On this basis, there is no mandate for a widespread reduction of speed limits in the Huon/Kingborough region. However, the Transport Commissioner would be happy to review the speed limit on specific sections of road, such as the Huon Road between Neika and Longley.

This road is owned and managed by the Kingborough Council (the Council) and requests to lower its speed limit should be addressed to the Council in the first instance.

Hidding has failed even before the starter’s gun has sounded …

After twelve months of our conducting meetings with the Department of State Growth, Huon Valley Council, Kingborough Council and other stakeholder bodies it is back to square one!

Little credibility can be given to Mr Hidding’s promise to consider “all measures to combat the road toll.” He has failed even before the starter’s gun has sounded.

I will further note Mr Hidding’s intention to review all penalties. In August 2013 a cyclist from Huonville was killed by an unlicensed driver with four prior DUI convictions who claimed to be only doing 75-80 kph along the last remaining five kilometers of 100 kph speed zoning between Huonville and Cygnet. The crime only carries a maximum penalty of 12 months in jail and a $1300 fine. At the time it was claimed no action could be taken as the case was to be considered by the Coroner. The Coroner ultimately decided the police report was satisfactory and no further action would be taken.
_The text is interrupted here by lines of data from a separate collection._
text \<open>R satisfies the defining (post-fixed point) conditions of the relation preceq_A.\<close>
definition conc_rel ::
  "'e set \<Rightarrow> 'c set \<Rightarrow> ('v, 'd) pred set \<Rightarrow> (('e, 'c, 'v, 'd) guard \<rightharpoonup> ('v, 'd) update)
   \<Rightarrow> 's set \<Rightarrow> ('s \<Rightarrow> 'c set \<Rightarrow> 's) \<Rightarrow> ('s \<Rightarrow> 'e set \<times> ('v, 'd) pred set)
   \<Rightarrow> (('v \<Rightarrow> 'd) \<times> 's) set \<Rightarrow> bool" where
  "conc_rel EE CC Pr \<delta> S tr out R \<longleftrightarrow>
     (\<forall>(val, s)\<in>R. s \<in> S \<and>
        bigwedge (sat_state val) {p\<in>Pr. is_state_pred p}
                 {p\<in>snd (out s). is_state_pred p} \<and>
        (\<forall>C. C \<subseteq> CC \<longrightarrow>
           (let valC = delta_app \<delta> val (fst (out s) \<inter> EE) C; sC = tr s C in
              bigwedge (sat_trans val valC) {p\<in>Pr. is_trans_pred p}
                       {p\<in>snd (out sC). is_trans_pred p} \<and>
              (valC, sC) \<in> R)))"

definition conc_preceq ::
  "'e set \<Rightarrow> 'c set \<Rightarrow> ('v, 'd) pred set \<Rightarrow> (('e, 'c, 'v, 'd) guard \<rightharpoonup> ('v, 'd) update)
   \<Rightarrow> 's set \<Rightarrow> ('s \<Rightarrow> 'c set \<Rightarrow> 's) \<Rightarrow> ('s \<Rightarrow> 'e set \<times> ('v, 'd) pred set)
   \<Rightarrow> (('v \<Rightarrow> 'd) \<times> 's) set" where
  "conc_preceq EE CC Pr \<delta> S tr out = \<Union> {R. conc_rel EE CC Pr \<delta> S tr out R}"

definition moore_concretisable ::
  "'e set \<Rightarrow> 'c set \<Rightarrow> ('v, 'd) pred set \<Rightarrow> ('v \<Rightarrow> 'd)
   \<Rightarrow> (('e, 'c, 'v, 'd) guard \<rightharpoonup> ('v, 'd) update)
   \<Rightarrow> 's set \<Rightarrow> 's \<Rightarrow> ('s \<Rightarrow> 'c set \<Rightarrow> 's) \<Rightarrow> ('s \<Rightarrow> 'e set \<times> ('v, 'd) pred set) \<Rightarrow> bool" where
  "moore_concretisable EE CC Pr val0 \<delta> S s0 tr out \<longleftrightarrow>
     (val0, s0) \<in> conc_preceq EE CC Pr \<delta> S tr out"

end

theory Submission
  imports Defs
begin

text \<open>The arena is deterministic: an input sequence of the controller fixes both the run
  of M and the unique concrete word over it, so a trace of M is concretisable exactly when
  that one word satisfies the predicates the trace prescribes.  The pairs reached by
  running the arena and M side by side form the largest relation in the definition of
  concretisability; conversely that relation contains every reachable pair.  Both
  conditions therefore say that every joint run respects the prescribed predicates.
  Determinism holds for every delta since delta_app picks an enabled guard by THE.\<close>

lemma sat_trans_state_pred: "is_state_pred p \<Longrightarrow> sat_trans val val' p = sat_state val' p"
  by (cases p) (auto simp: is_state_pred_def)

lemma bigwedge_sat_trans_split:
  "bigwedge (sat_trans val val') Pr P \<longleftrightarrow>
   bigwedge (sat_state val') {p\<in>Pr. is_state_pred p} {p\<in>P. is_state_pred p} \<and>
   bigwedge (sat_trans val val') {p\<in>Pr. is_trans_pred p} {p\<in>P. is_trans_pred p}"
  unfolding bigwedge_def is_trans_pred_def using sat_trans_state_pred by blast

lemma moore_run_in_states:
  assumes "is_moore CC EE' Pr S s0 tr out" and "\<forall>i. Cs i \<subseteq> CC"
  shows "moore_run s0 tr Cs n \<in> S"
  using assms by (induction n) (auto simp: is_moore_def)

lemma moore_run_cong: "\<forall>j<n. Cs' j = Cs j \<Longrightarrow> moore_run s0 tr Cs' n = moore_run s0 tr Cs n"
  by (induction n) auto

lemma moore_run_fun_upd [simp]: "moore_run s0 tr (Cs(n := C)) n = moore_run s0 tr Cs n"
  by (rule moore_run_cong) simp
No legislative change has ever been attempted by Rene Hidding Minister for Police or the Hodgman government since August 2013.

Michael Lee McCulloch handed suspended term for causing the death of cyclist Craig Saunders by negligent driving

Mercury September 12, 2014

AN unlicensed driver who failed to see a cyclist wearing high-visibility clothing in daylight on a straight stretch of road has been given a suspended jail term for killing the man. The sentence was condemned as inadequate by the state’s peak cycling body.

Michael Lee McCulloch, 50, was last week found guilty of causing the death of another person by negligent driving. McCulloch pleaded guilty to driving while not the holder of a driver’s licence.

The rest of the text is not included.